Right before I started writing this, Lydia woke and I went to feed her to resettle her, and I noticed while I lay feeding her, that the hot ball of "something going on" in the pit of my abdomen was giving me crampy backache, and quite a periody crampy feeling in the front as well. After 10 minutes it was worse - it came from nowhere! My lower back was burning up, radiating so much heat - like it was the only warm part of me! So weird. I still have a hot crampy lower back - it feels very periody, and I am crampy both sides low in my abdomen now with it, but not quite like a period. I would normally chart this as "bad cramps", so we shall see tomorrow if I get a temperature drop and my period. I actually don't get bad cramps in my luteal phase unless I'm pregnant though, so even if I do get my period it would be odd. I will have to obsess over my past charts to see if I've charted bad cramps as early as 4DPO before - I think I might have. My memory is rubbish these days!

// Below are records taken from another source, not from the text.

lemma card_transpositions:
  assumes "finite S"
  shows "2 * card (transpositions S) \<le> card S ^ 2"
proof -
  define P where "P = {(a, b) \<in> S \<times> S. a < b}"
  have "P \<union> prod.swap ` P \<subseteq> S \<times> S" "P \<inter> prod.swap ` P = {}" unfolding P_def by auto
  moreover have "finite P" unfolding P_def using assms by (auto intro: finite_subset[of _ "S \<times> S"])
  ultimately have "card P + card (prod.swap ` P) \<le> card (S \<times> S)"
    using assms by (metis card_Un_disjoint card_mono finite_SigmaI finite_imageI)
  moreover have "card (prod.swap ` P) = card P" by (simp add: card_image)
  moreover have "card (transpositions S) \<le> card P"
    unfolding transpositions_def P_def using \<open>finite P\<close> P_def by (intro card_image_le) simp
  ultimately show ?thesis by (simp add: card_cartesian_product power2_eq_square)
qed

lemma permutes_as_transposition_product:
  fixes S :: "'a::linorder set"
  assumes S: "finite S" and \<tau>: "\<tau> permutes S"
  shows "\<exists>ts. set ts \<subseteq> transpositions S \<and> length ts = card S - num_cycles S \<tau>
           \<and> \<tau> = foldr (\<circ>) ts id"
  using \<tau>
proof (induction "card S - num_cycles S \<tau>" arbitrary: \<tau> rule: less_induct)
  case less
  show ?case
  proof (cases "\<tau> = id")
    case True
    then show ?thesis by (intro exI[of _ "[]"]) (simp add: num_cycles_id)
  next
    case False
    then obtain a b where ab: "a \<in> S" "b \<in> S" "a \<noteq> b"
      and more: "num_cycles S (Transposition.transpose a b \<circ> \<tau>) = Suc (num_cycles S \<tau>)"
      using transpose_adding_cycle[OF less.prems S] by metis
    define \<tau>' where "\<tau>' = Transposition.transpose a b \<circ> \<tau>"
    have \<tau>': "\<tau>' permutes S"
      unfolding \<tau>'_def using less.prems ab by (simp add: permutes_compose permutes_swap_id)
    have le: "num_cycles S \<tau>' \<le> card S" by (rule num_cycles_le_card[OF S])
    then obtain ts where ts: "set ts \<subseteq> transpositions S"
      "length ts = card S - num_cycles S \<tau>'" "\<tau>' = foldr (\<circ>) ts id"
      using less.hyps[OF _ \<tau>'] more unfolding \<tau>'_def by fastforce
    have "\<tau> = Transposition.transpose a b \<circ> \<tau>'" unfolding \<tau>'_def by (simp flip: comp_assoc)
    then show ?thesis
      using ts le more transpose_in_transpositions[OF ab] unfolding \<tau>'_def
      by (intro exI[of _ "Transposition.transpose a b # ts"]) auto
  qed
qed

lemma card_permutations_num_cycles_le:
  fixes S :: "'a::linorder set"
  assumes S: "finite S"
  shows "card {\<tau>. \<tau> permutes S \<and> card S - num_cycles S \<tau> = j} \<le> card (transpositions S) ^ j"
proof -
  have fin: "finite (transpositions S)" using S by (rule finite_transpositions)
  let ?L = "{ts. set ts \<subseteq> transpositions S \<and> length ts = j}"
  have finL: "finite ?L" using fin by (rule finite_lists_length_eq)
  have "{\<tau>. \<tau> permutes S \<and> card S - num_cycles S \<tau> = j} \<subseteq> (\<lambda>ts. foldr (\<circ>) ts id) ` ?L"
    using permutes_as_transposition_product[OF S] by blast
  then have "card {\<tau>. \<tau> permutes S \<and> card S - num_cycles S \<tau> = j}
      \<le> card ((\<lambda>ts. foldr (\<circ>) ts id) ` ?L)"
    using finL by (intro card_mono finite_imageI)
  also have "\<dots> \<le> card ?L" using finL by (rule card_image_le)
  finally have "card {\<tau>. \<tau> permutes S \<and> card S - num_cycles S \<tau> = j} \<le> card ?L" .
  then show ?thesis by (simp add: card_lists_length_eq[OF fin])
qed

I'm sure there were a couple of other little thing to note, but I just can't remember them now, my head is too tired. I most definitely feel pregnant, so far. If I were to make it to 7DPO without a temp drop, I would start testing absolutely right away, lol! I don't care if it's too early! :P It feels like ages since I've been pregnant - by far the longest gap since I started having babies, and I've been through the emotions and anxiety wondering if that's IT, if I'll never ovulate again, or conceive again, or be pregnant again, have another baby again, etc. I'm so much more excited and feel so much more thankful and privileged than ever before, thinking of the possibility that I might be so blessed as to experience it another time! :)

Right now, I don't care about what people think. This is for me. On this isolated day, 4 days after ovulating, I feel pretty much 100% sure that I am 4 days past conception, and that the implantation process must be starting (4DPO has been implantation day for me several times before - it's always between 4 and 7 days, with all my pregnancies, chemical or not). I am going to bed rejoicing in the blessing of a new life beginning inside of me tonight, a tiny new person making those first connections, without concerning myself with thinking ahead, even as far as tomorrow. It won't make me sad if it ends (disclaimer: it *might*, but that's not a reason NOT to think joyfully about it now), and even a day or four days, or five, is worth celebrating and cherishing, so that's my plan, until... whenever.